▸ Aim of the exercise
The answer should be an exact repeat of the stretch of material below from the line containing "F = \<Union>" through the line containing "v = (\<Sum>m\<in>Poly_Mapping.keys F.".

======

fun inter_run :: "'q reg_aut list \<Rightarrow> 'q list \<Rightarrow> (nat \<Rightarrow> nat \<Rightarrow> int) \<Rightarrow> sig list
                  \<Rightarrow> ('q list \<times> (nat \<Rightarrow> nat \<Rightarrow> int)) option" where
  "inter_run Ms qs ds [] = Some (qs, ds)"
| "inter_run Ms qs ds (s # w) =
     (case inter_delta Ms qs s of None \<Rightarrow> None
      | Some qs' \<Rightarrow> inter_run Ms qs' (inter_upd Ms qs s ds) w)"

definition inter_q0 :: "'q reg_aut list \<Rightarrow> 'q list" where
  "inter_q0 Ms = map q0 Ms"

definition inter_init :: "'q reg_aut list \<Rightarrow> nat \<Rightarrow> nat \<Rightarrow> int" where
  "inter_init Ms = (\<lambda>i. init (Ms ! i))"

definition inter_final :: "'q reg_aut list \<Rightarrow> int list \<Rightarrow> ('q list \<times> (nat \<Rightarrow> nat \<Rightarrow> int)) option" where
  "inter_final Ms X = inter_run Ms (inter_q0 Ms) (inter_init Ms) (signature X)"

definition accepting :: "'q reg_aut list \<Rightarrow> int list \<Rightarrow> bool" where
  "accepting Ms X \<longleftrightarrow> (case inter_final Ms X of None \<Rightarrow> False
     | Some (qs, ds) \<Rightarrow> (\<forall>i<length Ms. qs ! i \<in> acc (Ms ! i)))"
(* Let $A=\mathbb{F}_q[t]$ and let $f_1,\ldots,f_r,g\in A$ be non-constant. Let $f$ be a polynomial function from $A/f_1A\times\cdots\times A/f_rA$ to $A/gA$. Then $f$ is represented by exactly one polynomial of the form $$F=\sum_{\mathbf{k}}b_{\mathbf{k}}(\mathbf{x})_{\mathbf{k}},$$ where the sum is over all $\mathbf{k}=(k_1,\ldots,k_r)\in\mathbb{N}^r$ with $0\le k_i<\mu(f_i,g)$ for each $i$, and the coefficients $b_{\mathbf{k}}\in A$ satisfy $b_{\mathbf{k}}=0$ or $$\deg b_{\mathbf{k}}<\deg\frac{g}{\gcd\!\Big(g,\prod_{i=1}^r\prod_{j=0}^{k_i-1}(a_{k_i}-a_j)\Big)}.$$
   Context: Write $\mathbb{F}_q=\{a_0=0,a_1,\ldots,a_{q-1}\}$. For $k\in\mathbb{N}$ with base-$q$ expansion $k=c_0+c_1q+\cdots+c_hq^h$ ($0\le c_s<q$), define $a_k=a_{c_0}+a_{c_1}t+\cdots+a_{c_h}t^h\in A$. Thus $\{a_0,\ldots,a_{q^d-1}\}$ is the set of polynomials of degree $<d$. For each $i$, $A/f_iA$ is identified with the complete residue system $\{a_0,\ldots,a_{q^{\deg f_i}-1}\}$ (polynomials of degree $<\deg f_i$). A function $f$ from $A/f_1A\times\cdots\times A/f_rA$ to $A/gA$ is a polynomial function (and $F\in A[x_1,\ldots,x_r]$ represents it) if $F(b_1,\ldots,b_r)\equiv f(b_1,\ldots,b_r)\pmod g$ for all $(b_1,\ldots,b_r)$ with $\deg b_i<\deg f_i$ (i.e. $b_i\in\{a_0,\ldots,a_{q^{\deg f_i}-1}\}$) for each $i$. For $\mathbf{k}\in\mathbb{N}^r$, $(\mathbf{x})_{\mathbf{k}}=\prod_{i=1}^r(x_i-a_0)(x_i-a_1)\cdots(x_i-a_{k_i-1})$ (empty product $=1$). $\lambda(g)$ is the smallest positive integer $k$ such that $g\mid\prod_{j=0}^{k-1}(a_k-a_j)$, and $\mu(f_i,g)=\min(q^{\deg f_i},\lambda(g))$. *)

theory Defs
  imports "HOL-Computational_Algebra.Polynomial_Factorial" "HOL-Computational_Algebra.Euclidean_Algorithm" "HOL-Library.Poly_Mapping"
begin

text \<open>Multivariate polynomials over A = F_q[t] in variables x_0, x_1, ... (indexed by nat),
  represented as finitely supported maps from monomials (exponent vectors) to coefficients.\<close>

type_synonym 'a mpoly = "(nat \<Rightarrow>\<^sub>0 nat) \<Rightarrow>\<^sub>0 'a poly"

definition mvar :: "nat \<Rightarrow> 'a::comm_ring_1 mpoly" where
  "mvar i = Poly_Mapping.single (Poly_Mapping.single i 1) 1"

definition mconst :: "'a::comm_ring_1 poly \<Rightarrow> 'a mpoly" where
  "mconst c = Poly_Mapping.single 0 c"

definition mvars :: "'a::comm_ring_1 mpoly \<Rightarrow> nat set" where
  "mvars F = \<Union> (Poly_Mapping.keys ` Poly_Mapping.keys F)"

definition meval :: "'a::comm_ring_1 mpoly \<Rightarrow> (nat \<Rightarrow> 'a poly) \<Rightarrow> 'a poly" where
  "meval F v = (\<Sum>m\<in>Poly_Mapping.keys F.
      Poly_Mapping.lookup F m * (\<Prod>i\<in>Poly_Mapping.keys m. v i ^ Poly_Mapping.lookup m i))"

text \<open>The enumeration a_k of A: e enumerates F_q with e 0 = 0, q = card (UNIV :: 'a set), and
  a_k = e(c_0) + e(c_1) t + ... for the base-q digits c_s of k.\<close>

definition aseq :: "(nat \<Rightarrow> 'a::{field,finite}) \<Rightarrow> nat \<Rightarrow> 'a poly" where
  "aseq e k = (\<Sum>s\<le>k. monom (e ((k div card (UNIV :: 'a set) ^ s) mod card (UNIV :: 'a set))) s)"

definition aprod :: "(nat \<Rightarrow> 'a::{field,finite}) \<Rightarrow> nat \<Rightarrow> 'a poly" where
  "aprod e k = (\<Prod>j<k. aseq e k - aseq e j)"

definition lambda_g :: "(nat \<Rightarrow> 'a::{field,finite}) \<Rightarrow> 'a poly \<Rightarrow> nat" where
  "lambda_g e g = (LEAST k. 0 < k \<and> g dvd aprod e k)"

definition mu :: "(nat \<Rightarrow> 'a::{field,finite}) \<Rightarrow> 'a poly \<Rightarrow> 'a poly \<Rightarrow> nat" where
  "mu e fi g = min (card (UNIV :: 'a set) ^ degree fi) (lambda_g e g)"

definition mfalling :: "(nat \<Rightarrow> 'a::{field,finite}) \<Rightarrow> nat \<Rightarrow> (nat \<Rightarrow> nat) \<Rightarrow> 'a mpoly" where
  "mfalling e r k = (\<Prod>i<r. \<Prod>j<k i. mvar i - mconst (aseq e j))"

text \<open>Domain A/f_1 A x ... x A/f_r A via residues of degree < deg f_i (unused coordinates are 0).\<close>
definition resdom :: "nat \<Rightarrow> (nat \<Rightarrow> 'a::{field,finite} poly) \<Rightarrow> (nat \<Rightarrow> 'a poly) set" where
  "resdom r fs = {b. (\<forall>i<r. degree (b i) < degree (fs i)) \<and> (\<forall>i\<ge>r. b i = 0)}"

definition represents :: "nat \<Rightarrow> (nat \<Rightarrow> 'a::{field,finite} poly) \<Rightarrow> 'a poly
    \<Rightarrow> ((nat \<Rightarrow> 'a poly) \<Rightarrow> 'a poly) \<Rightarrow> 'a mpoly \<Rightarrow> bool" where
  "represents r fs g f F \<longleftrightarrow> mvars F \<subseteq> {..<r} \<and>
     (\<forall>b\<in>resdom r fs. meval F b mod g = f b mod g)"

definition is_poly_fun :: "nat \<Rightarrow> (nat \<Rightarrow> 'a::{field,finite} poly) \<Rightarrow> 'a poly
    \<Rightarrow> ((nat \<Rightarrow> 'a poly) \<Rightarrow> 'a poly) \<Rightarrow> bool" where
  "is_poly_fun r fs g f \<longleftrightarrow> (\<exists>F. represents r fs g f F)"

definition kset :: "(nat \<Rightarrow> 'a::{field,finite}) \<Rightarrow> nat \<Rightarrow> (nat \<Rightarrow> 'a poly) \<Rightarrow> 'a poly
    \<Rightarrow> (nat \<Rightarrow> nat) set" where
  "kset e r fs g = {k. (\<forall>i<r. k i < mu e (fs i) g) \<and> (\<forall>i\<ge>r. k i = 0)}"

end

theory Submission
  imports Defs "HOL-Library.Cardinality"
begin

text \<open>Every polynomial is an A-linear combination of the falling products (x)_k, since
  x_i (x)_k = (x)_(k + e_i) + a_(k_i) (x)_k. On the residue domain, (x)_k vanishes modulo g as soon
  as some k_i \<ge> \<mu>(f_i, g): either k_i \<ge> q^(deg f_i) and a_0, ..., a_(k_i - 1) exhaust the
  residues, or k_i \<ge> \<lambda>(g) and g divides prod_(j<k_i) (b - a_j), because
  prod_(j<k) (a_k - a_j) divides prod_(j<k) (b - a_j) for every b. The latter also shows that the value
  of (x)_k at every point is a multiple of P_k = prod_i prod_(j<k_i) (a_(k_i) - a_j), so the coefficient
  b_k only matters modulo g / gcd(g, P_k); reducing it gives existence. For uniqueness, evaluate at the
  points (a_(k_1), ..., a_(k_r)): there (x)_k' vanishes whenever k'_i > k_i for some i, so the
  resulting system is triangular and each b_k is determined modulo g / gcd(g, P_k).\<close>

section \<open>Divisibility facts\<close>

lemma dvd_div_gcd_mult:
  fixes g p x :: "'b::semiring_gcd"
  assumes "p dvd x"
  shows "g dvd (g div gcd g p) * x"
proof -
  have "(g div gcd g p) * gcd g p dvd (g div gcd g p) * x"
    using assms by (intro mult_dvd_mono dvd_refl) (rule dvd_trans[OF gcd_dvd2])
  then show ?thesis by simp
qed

======

▸ Your response
  "mvars F = \<Union> (Poly_Mapping.keys ` Poly_Mapping.keys F)"

definition meval :: "'a::comm_ring_1 mpoly \<Rightarrow> (nat \<Rightarrow> 'a poly) \<Rightarrow> 'a poly" where
  "meval F v = (\<Sum>m\<in>Poly_Mapping.keys F.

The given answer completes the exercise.